• [Your assignment] Only the lines below between the ones containing "intro: hyperbolic_powr_fun.intros DERIV_mult)" and "u)) * u powr p)", inclusive, are to be reproduced, each exactly as it stands.

Saved entries
***

lemma deriv_closed_on_hyperbolic_powr_fun: "deriv_closed_on {0<..} hyperbolic_powr_fun"
  unfolding deriv_closed_on_def
proof
  fix f assume "f \<in> hyperbolic_powr_fun"
  then show "\<exists>f'\<in>hyperbolic_powr_fun. \<forall>x\<in>{0<..}. (f has_real_derivative f' x) (at x)"
  proof induction
    case (const c)
    show ?case by (rule bexI[of _ "\<lambda>x. 0"]) (auto intro: hyperbolic_powr_fun.const)
  next
    case (powr p)
    show ?case
      by (rule bexI[of _ "\<lambda>x. p * x powr (p - 1)"])
         (auto intro: hyperbolic_powr_fun.intros has_real_derivative_powr)
  next
    case (cosh l)
    show ?case
      by (rule bexI[of _ "\<lambda>x. sinh (l * x) * l"])
         (auto intro!: derivative_eq_intros hyperbolic_powr_fun.intros)
  next
    case (sinh l)
    show ?case
      by (rule bexI[of _ "\<lambda>x. cosh (l * x) * l"])
         (auto intro!: derivative_eq_intros hyperbolic_powr_fun.intros)
  next
    case (integral_cosh p l)
    have "continuous_on UNIV (\<lambda>u. cosh (l * u))"
      by (intro continuous_intros)
    from has_real_derivative_integral_mult_powr[OF this integral_cosh] show ?case
      by (intro bexI[of _ "\<lambda>x. cosh (l * x) * x powr p"]) (auto intro: hyperbolic_powr_fun.intros)
  next
    case (integral_sinh p l)
    have "continuous_on UNIV (\<lambda>u. sinh (l * u))"
      by (intro continuous_intros)
    from has_real_derivative_integral_mult_powr[OF this integral_sinh] show ?case
      by (intro bexI[of _ "\<lambda>x. sinh (l * x) * x powr p"]) (auto intro: hyperbolic_powr_fun.intros)
  next
    case (add f g)
    then obtain f' g' where "f' \<in> hyperbolic_powr_fun" "g' \<in> hyperbolic_powr_fun"
      "\<forall>x>0. (f has_real_derivative f' x) (at x)" "\<forall>x>0. (g has_real_derivative g' x) (at x)"
      by auto
    then show ?case
      by (intro bexI[of _ "\<lambda>x. f' x + g' x"]) (auto intro: hyperbolic_powr_fun.intros DERIV_add)
  next
    case (mult f g)
    then obtain f' g' where "f' \<in> hyperbolic_powr_fun" "g' \<in> hyperbolic_powr_fun"
      "\<forall>x>0. (f has_real_derivative f' x) (at x)" "\<forall>x>0. (g has_real_derivative g' x) (at x)"
      by auto
    with mult.hyps show ?case
      by (intro bexI[of _ "\<lambda>x. f' x * g x + g' x * f x"]) (auto intro: hyperbolic_powr_fun.intros DERIV_mult)
  next
    case (exp f)
    then obtain f' where "f' \<in> hyperbolic_powr_fun" "\<forall>x>0. (f has_real_derivative f' x) (at x)"
      by auto
    with exp.hyps show ?case
      by (intro bexI[of _ "\<lambda>x. exp (f x) * f' x"])
         (auto intro: hyperbolic_powr_fun.intros DERIV_exp[THEN DERIV_chain2])
  qed
qed

lemma integral_cosh_diff_mult_powr:
  fixes lam t p :: real
  assumes p: "p > -1" and t: "0 \<le> t"
  shows "integral {0..t} (\<lambda>u. cosh (lam * (t - u)) * u powr p)
       = cosh (lam * t) * integral {0..t} (\<lambda>u. cosh (lam * u) * u powr p)
       - sinh (lam * t) * integral {0..t} (\<lambda>u. sinh (lam * u) * u powr p)"
proof -
  have "(\<lambda>u. cosh (lam * u) * u powr p) integrable_on {0..t}"
       "(\<lambda>u. sinh (lam * u) * u powr p) integrable_on {0..t}"
    by (intro integrable_on_mult_powr continuous_intros p t)+
  then have "integral {0..t} (\<lambda>u. cosh (lam * t) * (cosh (lam * u) * u powr p)
                             - sinh (lam * t) * (sinh (lam * u) * u powr p))
      = cosh (lam * t) * integral {0..t} (\<lambda>u. cosh (lam * u) * u powr p)
      - sinh (lam * t) * integral {0..t} (\<lambda>u. sinh (lam * u) * u powr p)"
    by (simp add: integral_diff integrable_on_mult_right)
  moreover have "cosh (lam * (t - u)) * u powr p
      = cosh (lam * t) * (cosh (lam * u) * u powr p) - sinh (lam * t) * (sinh (lam * u) * u powr p)"
    for u
    by (simp add: right_diff_distrib cosh_diff algebra_simps)
  ultimately show ?thesis by simp
qed

lemma integral_cosh_shift_minus_one_mult_powr_bounds:
  fixes lam t p :: real
  assumes p: "p > -1" and t: "0 \<le> t"
  defines "K \<equiv> integral {0..t} (\<lambda>u. (cosh (lam * (t - u)) - 1) * u powr p)"
  shows "0 \<le> K" and "K \<le> (cosh (lam * t) - 1) * (t powr (p + 1) / (p + 1))"
proof -
  have powr_int: "((\<lambda>u. u powr p) has_integral t powr (p + 1) / (p + 1)) {0..t}"
    by (rule has_integral_powr_from_0[OF p t])
  have K_int: "(\<lambda>u. (cosh (lam * (t - u)) - 1) * u powr p) integrable_on {0..t}"
    by (intro integrable_on_mult_powr continuous_intros p t)
  have "integral {0..t} (\<lambda>u. 0) \<le> K"
    unfolding K_def by (rule integral_le[OF _ K_int]) (auto simp: cosh_real_ge_1)
  then show "0 \<le> K" by simp
  have "cosh (lam * (t - u)) \<le> cosh (lam * t)" if "u \<in> {0..t}" for u
  proof -
    have "\<bar>lam * (t - u)\<bar> \<le> \<bar>lam * t\<bar>"
      using that by (auto simp: abs_mult intro: mult_left_mono)
    then show ?thesis
      by (subst (1 2) cosh_real_abs[symmetric], subst cosh_real_nonneg_le_iff) auto
  qed
  then have "K \<le> integral {0..t} (\<lambda>u. (cosh (lam * t) - 1) * u powr p)"
    unfolding K_def
    by (intro integral_le[OF K_int] integrable_on_mult_right has_integral_integrable[OF powr_int])
       (auto intro: mult_right_mono)
  then show "K \<le> (cosh (lam * t) - 1) * (t powr (p + 1) / (p + 1))"
    using integral_unique[OF powr_int] by simp
qed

***

• [Output below]
      by (intro bexI[of _ "\<lambda>x. f' x * g x + g' x * f x"]) (auto intro: hyperbolic_powr_fun.intros DERIV_mult)
  next
    case (exp f)
    then obtain f' where "f' \<in> hyperbolic_powr_fun" "\<forall>x>0. (f has_real_derivative f' x) (at x)"
      by auto
    with exp.hyps show ?case
      by (intro bexI[of _ "\<lambda>x. exp (f x) * f' x"])
         (auto intro: hyperbolic_powr_fun.intros DERIV_exp[THEN DERIV_chain2])
  qed
qed

lemma integral_cosh_diff_mult_powr:
  fixes lam t p :: real
  assumes p: "p > -1" and t: "0 \<le> t"
  shows "integral {0..t} (\<lambda>u. cosh (lam * (t - u)) * u powr p)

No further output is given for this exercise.